I guess it has become sort of like a skunk...you smell it long enough, and the impact goes away...


----------



## MyselfAgain (Apr 21, 2012)

The last few days have been tough. I've been sick for the first time since my ex left. More things to miss...when I was sick he took care of me for a change. I know someday someone else will too, so I'm not dwelling...just feeling it all.

I got close to someone new (emotionally, not physically) and it threw me for a loop this week. Didn't go looking, just happened. I have a ton of respect for this person, and now that he is beginning to date I know I need to take a step back so that he can move on and I won't get hurt. Problem is, I am seeing an old forgotten pattern emerging: once I have romantic feelings about someone (which doesn't happen all that often for me) I have a reeeeeally hard time letting go.

Goes back to childhood, of course...memories include crying whenever my parents would go on a trip and leave us at home with the babysitter. Just for a while after they left. My father says that I used to cry when he dropped me off at preschool, in the beginning, when I was 3. To this day I get teary eyed leaving people. My mother passed away 20 years ago, which didn't help me any as it just amped up my fear of abandonment.

Regardless of why, there it is. I have a major fear of abandonment. Funny enough, I didn't fall apart at all when my ex left. I mean I've been very sad and whatnot, obviously, but I have functioned well considering...didn't even take a day off work at the time, just kinda had a downer attitude for a while. That has passed.
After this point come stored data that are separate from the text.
lemma sum_bridge_block_solution:
  fixes A :: "real^'a::finite^'a"
  assumes "invertible A" "\<And>x. (A *v f) $ x + (A $ x $ u + 1) * S + T = 0"
  shows "(\<Sum>a\<in>UNIV. f $ a) = - S - (\<Sum>a\<in>UNIV. curv_inv A $ a) / CARD('a) * (S + T)"
proof -
  have "(\<Sum>a\<in>UNIV. f $ a)
        = - S * (\<Sum>a\<in>UNIV. axis u 1 $ a) - (S + T) / CARD('a) * (\<Sum>a\<in>UNIV. curv_inv A $ a)"
    by (subst bridge_block_solution[OF assms]) (simp add: sum_subtractf sum_distrib_left)
  then show ?thesis
    by (simp add: axis_def)
qed

lemma homogeneous_2x2_trivial:
  fixes a b c d x y :: "'a::field"
  assumes "a * d \<noteq> b * c" "a * x + b * y = 0" "c * x + d * y = 0"
  shows "x = 0" "y = 0"
proof -
  have "(a * d - b * c) * x = d * (a * x + b * y) - b * (c * x + d * y)"
    by (simp add: algebra_simps)
  then have "(a * d - b * c) * x = 0"
    using assms(2,3) by simp
  then show "x = 0"
    using assms(1) by simp
  have "(a * d - b * c) * y = a * (c * x + d * y) - c * (a * x + b * y)"
    by (simp add: algebra_simps)
  then have "(a * d - b * c) * y = 0"
    using assms(2,3) by simp
  then show "y = 0"
    using assms(1) by simp
qed

lemma bridge_sums_vanish:
  fixes S1 S2 T1 T2 r1 r2 :: real
  assumes "T1 = - (S2 + T2)" "T2 = - (S1 + T1)"
    and "S1 = - S2 - r1 * (S2 + T2)" "S2 = - S1 - r2 * (S1 + T1)"
    and "(2 + r1) * (2 + r2) \<noteq> 4"
  shows "S1 + T1 = 0" "S2 + T2 = 0"
proof -
  have "2 * 2 \<noteq> (2 + r1) * (2 + r2)"
    using assms(5) by simp
  moreover have "2 * (S1 + T1) + (2 + r1) * (S2 + T2) = 0"
    and "(2 + r2) * (S1 + T1) + 2 * (S2 + T2) = 0"
    using assms(1-4) by algebra+
  ultimately show "S1 + T1 = 0" "S2 + T2 = 0"
    by (rule homogeneous_2x2_trivial)+
qed

lemma bridge_matrix_ker:
  fixes A :: "real^'a::finite^'a" and B :: "real^'b::finite^'b" and n1 n2 k1 k2 :: real
  assumes inv: "invertible A" "invertible B" and diag: "A $ u $ u = 0" "B $ v $ v = 0"
    and n_def: "n1 = real CARD('a)" "n2 = real CARD('b)"
    and k_def: "k1 = (\<Sum>a\<in>UNIV. curv_inv A $ a)" "k2 = (\<Sum>b\<in>UNIV. curv_inv B $ b)"
    and Z_ne_4: "(2 + k1 / n1) * (2 + k2 / n2) \<noteq> 4"
    and ker: "bridge_matrix A B u v *v w = 0"
  shows "w = 0"
proof -
  define f where "f = (\<chi> a. w $ Inl a)"
  define g where "g = (\<chi> b. w $ Inr b)"
  define S1 where "S1 = (\<Sum>a\<in>UNIV. f $ a)"
  define T1 where "T1 = (A *v f) $ u"
  define S2 where "S2 = (\<Sum>b\<in>UNIV. g $ b)"
  define T2 where "T2 = (B *v g) $ v"
  have row_Inl: "(A *v f) $ x + (A $ x $ u + 1) * S2 + T2 = 0" for x
    using bridge_matrix_mult_Inl[of A B u v w x] ker
    by (simp add: f_def g_def S2_def T2_def)
  have row_Inr: "(B *v g) $ y + (B $ y $ v + 1) * S1 + T1 = 0" for y
    using bridge_matrix_mult_Inr[of A B u v w y] ker
    by (simp add: f_def g_def S1_def T1_def)
  have T1: "T1 = - (S2 + T2)" and T2: "T2 = - (S1 + T1)"
    using row_Inl[of u] row_Inr[of v] diag by (simp_all add: T1_def T2_def)
  have S1: "S1 = - S2 - k1 / n1 * (S2 + T2)"
    using sum_bridge_block_solution[OF inv(1) row_Inl] by (simp add: S1_def k_def(1) n_def(1))
  have S2: "S2 = - S1 - k2 / n2 * (S1 + T1)"
    using sum_bridge_block_solution[OF inv(2) row_Inr] by (simp add: S2_def k_def(2) n_def(2))
  have "S1 + T1 = 0" "S2 + T2 = 0"
    using bridge_sums_vanish[OF T1 T2 S1 S2 Z_ne_4] by simp_all
  moreover have "S1 = 0" "S2 = 0"
    using calculation T1 T2 by linarith+
  ultimately have "f = 0" "g = 0"
    using bridge_block_solution[OF inv(1) row_Inl] bridge_block_solution[OF inv(2) row_Inr]
    by simp_all
  then show "w = 0"
    unfolding f_def g_def vec_eq_iff by (metis sum.exhaust zero_index vec_lambda_beta)
qed

lemma invertible_bridge_matrix:
  fixes A :: "real^'a::finite^'a" and B :: "real^'b::finite^'b" and n1 n2 k1 k2 :: real
  assumes "invertible A" "invertible B" "A $ u $ u = 0" "B $ v $ v = 0"
    and "n1 = real CARD('a)" "n2 = real CARD('b)"
    and "k1 = (\<Sum>a\<in>UNIV. curv_inv A $ a)" "k2 = (\<Sum>b\<in>UNIV. curv_inv B $ b)"
    and "(2 + k1 / n1) * (2 + k2 / n2) \<noteq> 4"
  shows "invertible (bridge_matrix A B u v)"
  unfolding invertible_left_inverse matrix_left_invertible_ker
  using bridge_matrix_ker[OF assms] by blast

lemma bridge_coefficients:
  fixes n1 n2 k1 k2 Z \<alpha> \<beta> :: real
  assumes Z_def: "Z = (2 + k1 / n1) * (2 + k2 / n2)"
    and \<alpha>_def: "\<alpha> = 2 * (n1 + n2) * k2 / (n1 * n2 * (Z - 4))"
    and \<beta>_def: "\<beta> = 2 * (n1 + n2) * k1 / (n1 * n2 * (Z - 4))"
    and "n1 > 0" "n2 > 0" "Z \<noteq> 4"
  shows "\<alpha> * k1 = \<beta> * k2" "\<alpha> * n1 + \<beta> * k2 / 2 + \<beta> * n2 = n1 + n2"
proof -
  define N where "N = n1 * n2 * (Z - 4)"
  have N_eq: "N = 2 * k2 * n1 + 2 * k1 * n2 + k1 * k2"
    using assms(4,5) by (simp add: N_def Z_def field_simps)
  have "N \<noteq> 0"
    using assms(4-6) by (simp add: N_def)
  then have \<alpha>N: "\<alpha> * N = 2 * (n1 + n2) * k2" and \<beta>N: "\<beta> * N = 2 * (n1 + n2) * k1"
    by (simp_all add: \<alpha>_def \<beta>_def N_def)
  have "\<alpha> * k1 * N = \<beta> * k2 * N"
    using \<alpha>N \<beta>N by (metis mult.commute mult.left_commute)
  then show "\<alpha> * k1 = \<beta> * k2"
    using \<open>N \<noteq> 0\<close> by simp
  have "(\<alpha> * n1 + \<beta> * k2 / 2 + \<beta> * n2) * N = n1 * (\<alpha> * N) + (k2 / 2 + n2) * (\<beta> * N)"
    by (simp add: algebra_simps)
  also have "\<dots> = (n1 + n2) * N"
    unfolding \<alpha>N \<beta>N by (simp add: N_eq algebra_simps)
  finally show "\<alpha> * n1 + \<beta> * k2 / 2 + \<beta> * n2 = n1 + n2"
    using \<open>N \<noteq> 0\<close> by simp
qed

lemma mult_curv_inv_minus_axis:
  fixes A :: "real^'a::finite^'a"
  assumes "invertible A"
  shows "(A *v (c *\<^sub>R curv_inv A - e *\<^sub>R axis u 1)) $ x = c * CARD('a) - e * A $ x $ u"
  by (simp add: matrix_vector_mult_diff_distrib matrix_vector_mult_scaleR mult_curv_inv[OF assms]
      matrix_vector_mult_basis column_def)

lemma sum_curv_inv_minus_axis:
  "(\<Sum>a\<in>UNIV. (c *\<^sub>R curv_inv A - e *\<^sub>R axis u 1) $ a) = c * (\<Sum>a\<in>UNIV. curv_inv A $ a) - e"
  by (simp add: sum_subtractf sum_distrib_left axis_def if_distrib[of "(*) e"] cong: if_cong)

lemma curv_inv_bridge_matrix:
  fixes A :: "real^'a::finite^'a" and B :: "real^'b::finite^'b" and n1 n2 k1 k2 Z \<alpha> \<beta> :: real
  assumes inv: "invertible A" "invertible B" and diag: "A $ u $ u = 0" "B $ v $ v = 0"
    and n_def: "n1 = real CARD('a)" "n2 = real CARD('b)"
    and k_def: "k1 = (\<Sum>a\<in>UNIV. curv_inv A $ a)" "k2 = (\<Sum>b\<in>UNIV. curv_inv B $ b)"
    and Z_def: "Z = (2 + k1 / n1) * (2 + k2 / n2)" and Z_ne_4: "Z \<noteq> 4"
    and \<alpha>_def: "\<alpha> = 2 * (n1 + n2) * k2 / (n1 * n2 * (Z - 4))"
    and \<beta>_def: "\<beta> = 2 * (n1 + n2) * k1 / (n1 * n2 * (Z - 4))"
  shows "curv_inv (bridge_matrix A B u v) = (\<chi> z. case z of
            Inl a \<Rightarrow> \<alpha> * curv_inv A $ a - (if a = u then \<alpha> * k1 / 2 else 0)
          | Inr b \<Rightarrow> \<beta> * curv_inv B $ b - (if b = v then \<beta> * k2 / 2 else 0))"
    (is "_ = ?K")
proof (rule curv_inv_unique)
  show "invertible (bridge_matrix A B u v)"
    using invertible_bridge_matrix[OF inv diag n_def k_def] Z_def Z_ne_4 by simp
  have coeff: "\<alpha> * k1 = \<beta> * k2" "\<alpha> * n1 + \<beta> * k2 / 2 + \<beta> * n2 = n1 + n2"
    using bridge_coefficients[OF Z_def \<alpha>_def \<beta>_def _ _ Z_ne_4] by (simp_all add: n_def)
  have Inl_part: "?K $ Inl a = (\<alpha> *\<^sub>R curv_inv A - (\<alpha> * k1 / 2) *\<^sub>R axis u 1) $ a"
   and Inr_part: "?K $ Inr b = (\<beta> *\<^sub>R curv_inv B - (\<beta> * k2 / 2) *\<^sub>R axis v 1) $ b" for a b
    by (simp_all add: axis_def)
  have "(bridge_matrix A B u v *v ?K) $ z = n1 + n2" for z
  proof (cases z)
    case (Inl x)
    have "(bridge_matrix A B u v *v ?K) $ z
          = (\<alpha> * n1 - \<alpha> * k1 / 2 * A $ x $ u) + (A $ x $ u + 1) * (\<beta> * k2 - \<beta> * k2 / 2)
            + \<beta> * n2"
      unfolding Inl bridge_matrix_mult_Inl Inl_part Inr_part vec_lambda_eta sum_curv_inv_minus_axis
        mult_curv_inv_minus_axis[OF inv(1)] mult_curv_inv_minus_axis[OF inv(2)]
      using diag(2) by (simp add: n_def k_def(2))
    also have "\<dots> = \<alpha> * n1 + \<beta> * k2 / 2 + \<beta> * n2"
      using coeff(1) by (simp add: algebra_simps)
    finally show ?thesis
      using coeff(2) by simp
  next
    case (Inr y)
    have "(bridge_matrix A B u v *v ?K) $ z
          = (\<beta> * n2 - \<beta> * k2 / 2 * B $ y $ v) + (B $ y $ v + 1) * (\<alpha> * k1 - \<alpha> * k1 / 2)
            + \<alpha> * n1"
      unfolding Inr bridge_matrix_mult_Inr Inl_part Inr_part vec_lambda_eta sum_curv_inv_minus_axis
        mult_curv_inv_minus_axis[OF inv(1)] mult_curv_inv_minus_axis[OF inv(2)]
      using diag(1) by (simp add: n_def k_def(1))
    also have "\<dots> = \<alpha> * n1 + \<beta> * k2 / 2 + \<beta> * n2"
      using coeff(1) by (simp add: algebra_simps)
    finally show ?thesis
      using coeff(2) by simp
  qed
  then show "bridge_matrix A B u v *v ?K = real CARD('a + 'b) *\<^sub>R 1"
    by (simp add: vec_eq_iff n_def card_Plus flip: UNIV_Plus_UNIV)
qed
lemma funpow_move_in_vertices:
  "n \<ge> 1 \<Longrightarrow> x \<in> vertices n \<Longrightarrow> (move M n ^^ j) x \<in> vertices n"
  by (induction j) (simp_all add: move_in_vertices)

lemma funpow_move_vred: "(move M n ^^ j) (vred n x) = vred n (((*v) M ^^ j) x)"
  by (induction j) (simp_all add: move_def vred_matrix_vector_mult_vred)

lemma funpow_move_fixes_lincomb:
  assumes "A \<subseteq> vertices n" and "\<And>x. x \<in> A \<Longrightarrow> (move M n ^^ j) x = x"
  shows "(move M n ^^ j) (vred n (\<Sum>x\<in>A. a x *s x)) = vred n (\<Sum>x\<in>A. a x *s x)"
proof -
  have "vred n (((*v) M ^^ j) x) = vred n x" if "x \<in> A" for x
    using that assms funpow_move_vred[where M = M and n = n and j = j and x = x] by auto
  then have "vred n (\<Sum>x\<in>A. a x *s ((*v) M ^^ j) x) = vred n (\<Sum>x\<in>A. a x *s x)"
    by (rule vred_lincomb_cong)
  then show ?thesis
    by (simp add: funpow_move_vred funpow_matrix_vector_mult_lincomb[where f = id, simplified])
qed

definition orbit_cycle :: "('a \<Rightarrow> 'a) \<Rightarrow> 'a list \<Rightarrow> bool" where
  "orbit_cycle f c \<longleftrightarrow>
     c \<noteq> [] \<and> distinct c \<and> (\<forall>i < length c. c ! ((i + 1) mod length c) = f (c ! i))"

lemma orbit_cycle_funpow_nth:
  assumes "orbit_cycle f c" and "i < length c"
  shows "(f ^^ j) (c ! i) = c ! ((i + j) mod length c)"
proof (induction j)
  case 0
  then show ?case using assms(2) by simp
next
  case (Suc j)
  have "(f ^^ Suc j) (c ! i) = f (c ! ((i + j) mod length c))"
    using Suc by simp
  also have "\<dots> = c ! (((i + j) mod length c + 1) mod length c)"
    using assms by (simp add: orbit_cycle_def)
  also have "\<dots> = c ! ((i + Suc j) mod length c)"
    by (simp add: mod_Suc_eq)
  finally show ?case .
qed

lemma orbit_cycle_funpow_fixes_iff:
  assumes "orbit_cycle f c" and "x \<in> set c"
  shows "(f ^^ j) x = x \<longleftrightarrow> length c dvd j"
proof -
  obtain i where i: "i < length c" "x = c ! i"
    using assms(2) by (auto simp: in_set_conv_nth)
  have "(f ^^ j) x = x \<longleftrightarrow> (i + j) mod length c = i"
    using assms(1) i by (simp add: orbit_cycle_funpow_nth nth_eq_iff_index_eq orbit_cycle_def)
  also have "\<dots> \<longleftrightarrow> [i + j = i + 0] (mod length c)"
    using i(1) by (simp add: cong_def)
  also have "\<dots> \<longleftrightarrow> length c dvd j"
    by (simp only: cong_add_lcancel_nat cong_0_iff)
  finally show ?thesis .
qed

lemma orbit_cycle_funpow_in_set:
  assumes "orbit_cycle f c" and "x \<in> set c"
  shows "(f ^^ j) x \<in> set c"
proof -
  obtain i where i: "i < length c" "x = c ! i"
    using assms(2) by (auto simp: in_set_conv_nth)
  moreover have "(i + j) mod length c < length c"
    using i(1) by (intro mod_less_divisor) linarith
  ultimately show ?thesis
    using orbit_cycle_funpow_nth[OF assms(1)] by simp
qed

lemma orbit_cycle_image:
  assumes "orbit_cycle f c"
  shows "f ` set c = set c"
proof
  show "f ` set c \<subseteq> set c"
    using orbit_cycle_funpow_in_set[OF assms, of _ 1] by auto
next
  show "set c \<subseteq> f ` set c"
  proof
    fix v assume v: "v \<in> set c"
    have len: "Suc (length c - 1) = length c"
      using v by (cases c) simp_all
    have "(f ^^ Suc (length c - 1)) v = v"
      unfolding len using orbit_cycle_funpow_fixes_iff[OF assms v] by simp
    then have "v = f ((f ^^ (length c - 1)) v)"
      by (simp del: One_nat_def)
    then show "v \<in> f ` set c"
      using orbit_cycle_funpow_in_set[OF assms v] by (rule image_eqI)
  qed
qed

lemma orbit_cycle_support:
  assumes "(f ^^ k) x = x" and "k > 0"
  shows "orbit_cycle f (support f x)" and "x \<in> set (support f x)"
proof -
  let ?p = "least_power f x" and ?c = "support f x"
  have p: "?p > 0" "(f ^^ ?p) x = x"
    using least_powerI[OF assms] by auto
  have "(f ^^ i) x \<noteq> (f ^^ j) x" if "i < j" "j < ?p" for i j
  proof
    assume eq: "(f ^^ i) x = (f ^^ j) x"
    have "(f ^^ (?p - j + i)) x = (f ^^ (?p - j)) ((f ^^ j) x)"
      by (simp add: funpow_add eq)
    also have "\<dots> = (f ^^ (?p - j + j)) x"
      by (simp only: funpow_add comp_apply)
    also have "\<dots> = x"
      using p(2) that by simp
    finally have "?p \<le> ?p - j + i"
      using that by (intro least_power_le) auto
    then show False
      using that by linarith
  qed
  then have "inj_on (\<lambda>i. (f ^^ i) x) {0..<?p}"
    by (metis (no_types, lifting) atLeastLessThan_iff inj_onI linorder_neqE_nat)
  then have "distinct ?c"
    by (simp add: distinct_map)
  moreover have "?c ! ((i + 1) mod length ?c) = f (?c ! i)" if "i < length ?c" for i
  proof (cases "i + 1 < ?p")
    case True
    then show ?thesis using that by simp
  next
    case False
    then have last: "i + 1 = ?p" using that by simp
    then have "?c ! ((i + 1) mod length ?c) = x" using p(1) by simp
    also have "x = (f ^^ Suc i) x" using p(2) last by (metis Suc_eq_plus1)
    also have "\<dots> = f (?c ! i)" using that by simp
    finally show ?thesis .
  qed
  ultimately show "orbit_cycle f ?c"
    using p(1) by (simp add: orbit_cycle_def)
  show "x \<in> set ?c"
    using p(1) by force
qed

lemma directed_cycle_orbit_cycle:
  "directed_cycle M n c \<Longrightarrow> orbit_cycle (move M n) c"
  by (simp add: directed_cycle_def orbit_cycle_def arc_def)

lemma directed_cycle_funpow_fixes_iff:
  "directed_cycle M n c \<Longrightarrow> x \<in> set c \<Longrightarrow> (move M n ^^ j) x = x \<longleftrightarrow> length c dvd j"
  by (simp add: directed_cycle_orbit_cycle orbit_cycle_funpow_fixes_iff)

lemma directed_cycleI:
  assumes "n \<ge> 1" and sub: "set c \<subseteq> vertices n" and orbit: "orbit_cycle (move M n) c"
  shows "directed_cycle M n c"
proof -
  have img: "move M n ` set c = set c"
    using orbit_cycle_image[OF orbit] .
  then have inj: "inj_on (move M n) (set c)"
    by (intro eq_card_imp_inj_on) simp_all
  have "arc M n (c ! i) (c ! ((i + 1) mod length c))" if "i < length c" for i
    using sub orbit that move_in_vertices[OF assms(1)] by (auto simp: arc_def orbit_cycle_def)
  moreover have "{w \<in> set c. arc M n v w} = {move M n v}" if "v \<in> set c" for v
    using sub img that by (auto simp: arc_def)
  moreover have "\<exists>u. {w \<in> set c. arc M n w v} = {u}" if v: "v \<in> set c" for v
  proof -
    obtain u where "u \<in> set c" "move M n u = v"
      using img v by force
    then have "{w \<in> set c. arc M n w v} = {u}"
      using sub inj v by (auto simp: arc_def inj_on_def)
    then show ?thesis ..
  qed
  ultimately show ?thesis
    using sub orbit by (fastforce simp: directed_cycle_def orbit_cycle_def)
qed

lemma periodic_vertex_on_directed_cycle:
  assumes "n \<ge> 1" and "x \<in> vertices n" and "k > 0" and "(move M n ^^ k) x = x"
  shows "\<exists>c. directed_cycle M n c \<and> x \<in> set c \<and> length c dvd k"
proof -
  let ?c = "support (move M n) x"
  have orbit: "orbit_cycle (move M n) ?c" and x: "x \<in> set ?c"
    using orbit_cycle_support[OF assms(4,3)] by auto
  have "set ?c \<subseteq> vertices n"
    using funpow_move_in_vertices[OF assms(1,2)] by auto
  then have "directed_cycle M n ?c"
    using directed_cycleI[OF assms(1) _ orbit] by blast
  moreover have "length ?c dvd k"
    using orbit_cycle_funpow_fixes_iff[OF orbit x] assms(4) by simp
  ultimately show ?thesis
    using x by blast
qed

lemma cyc_set_iff:
  assumes "n \<ge> 1" and "l \<ge> 1"
  shows "x \<in> cyc_set M n l \<longleftrightarrow> x \<in> vertices n \<and> (move M n ^^ l) x = x"
proof
  assume "x \<in> cyc_set M n l"
  then obtain c where "x \<in> vertices n" "directed_cycle M n c" "x \<in> set c" "length c dvd l"
    by (auto simp: cyc_set_def)
  then show "x \<in> vertices n \<and> (move M n ^^ l) x = x"
    by (simp add: directed_cycle_funpow_fixes_iff)
next
  assume x: "x \<in> vertices n \<and> (move M n ^^ l) x = x"
  have "l > 0"
    using assms(2) by simp
  then show "x \<in> cyc_set M n l"
    using x periodic_vertex_on_directed_cycle[OF assms(1)] by (auto simp: cyc_set_def)
qed

lemma vred_lincomb_in_cyc_set:
  assumes "n \<ge> 1" and "l \<ge> 1" and "A \<subseteq> cyc_set M n l"
  shows "vred n (\<Sum>x\<in>A. a x *s x) \<in> cyc_set M n l"
proof -
  have "A \<subseteq> vertices n" and "\<And>x. x \<in> A \<Longrightarrow> (move M n ^^ l) x = x"
    using assms(3) cyc_set_iff[OF assms(1,2)] by auto
  then show ?thesis
    using funpow_move_fixes_lincomb vred_in_vertices[OF assms(1)] cyc_set_iff[OF assms(1,2)]
    by blast
qed

lemma directed_cycle_through_smult:
  assumes "n \<ge> 1" and c: "directed_cycle M n c" "x \<in> set c" and "gcd s (int n) = 1"
  shows "\<exists>c'. directed_cycle M n c' \<and> vred n (s *s x) \<in> set c' \<and> length c' = length c"
proof -
  have x: "x \<in> vertices n"
    using c by (auto simp: directed_cycle_def)
  have smult_fixed: "(move M n ^^ j) (vred n (t *s z)) = vred n (t *s z)"
    if "z \<in> vertices n" and "(move M n ^^ j) z = z" for t z j
    using funpow_move_fixes_lincomb[where A = "{z}" and a = "\<lambda>_. t"] that by simp
  obtain u where u: "[s * u = 1] (mod int n)"
    using cong_solve_coprime_int[of s "int n"] assms(4) by (auto simp: coprime_iff_gcd_eq_1)
  define y where "y = vred n (s *s x)"
  have y: "y \<in> vertices n"
    unfolding y_def by (rule vred_in_vertices[OF assms(1)])
  have "length c > 0"
    using c by (auto simp: directed_cycle_def)
  moreover have "(move M n ^^ length c) y = y"
    unfolding y_def using smult_fixed x directed_cycle_funpow_fixes_iff[OF c] by simp
  ultimately obtain c' where c': "directed_cycle M n c'" "y \<in> set c'" "length c' dvd length c"
    using periodic_vertex_on_directed_cycle[OF assms(1) y] by blast
  have "vred n (u *s y) = vred n ((u * s) *s x)"
    by (simp add: y_def vred_smult_vred vector_smult_assoc)
  also have "\<dots> = vred n (1 *s x)"
    using u by (intro vred_smult_cong) (simp add: cong_def mult.commute)
  also have "\<dots> = x"
    using x by simp
  finally have "(move M n ^^ length c') x = x"
    using smult_fixed[OF y, of "length c'" u] directed_cycle_funpow_fixes_iff[OF c'(1,2)] by simp
  then have "length c dvd length c'"
    using directed_cycle_funpow_fixes_iff[OF c] by simp
  then show ?thesis
    using c' dvd_antisym unfolding y_def by blast
qed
Anyway, I guess my question today is: how do I get used to being close to new guys as they come and go in my life?

This seems to be only a guy issue, something that bothers me when I date someone for a matter of weeks or months and then have to let them go. I am not ready to date for real yet, but I am getting there, and I want to develop a healthier mindset first. How do I learn to let go when I have _feelings?_


----------



## 06Daddio08 (Jul 26, 2012)

You need to set yourself emotional boundaries my dear. It's not also just you, some guys will be a lot more forward than others and that's just who they are.

Need to not get caught up and watch the attachments.

Plus, drink Baileys!
_Posted via Mobile Device_


----------



## MyselfAgain (Apr 21, 2012)

I hear what you're saying Up...just don't know HOW to not get attached when I get close to someone. If I got that, I wouldn't be having this problem!


----------



## 06Daddio08 (Jul 26, 2012)

Well we talk a lot and share a lot to each other. 

You seem to be doing just fine.

Whys that?
_Posted via Mobile Device_


----------



## MyselfAgain (Apr 21, 2012)

Let me rephrase.

I get attached in situations where some kind of intimacy is involved. Romantic, sexual, etc. Not with every guy I get close to.


----------



## Dadwithtwolittlegirls (Jul 23, 2012)

Sex to me is very intimate. Since I've been married I don't think I could do the casual sex thing. 

Sex is that one bonding activity you can't get any closer to a person.


----------



## 06Daddio08 (Jul 26, 2012)

MyselfAgain said:


> Let me rephrase.
> 
> I get attached in situations where some kind of intimacy is involved. Romantic, sexual, etc. Not with every guy I get close to.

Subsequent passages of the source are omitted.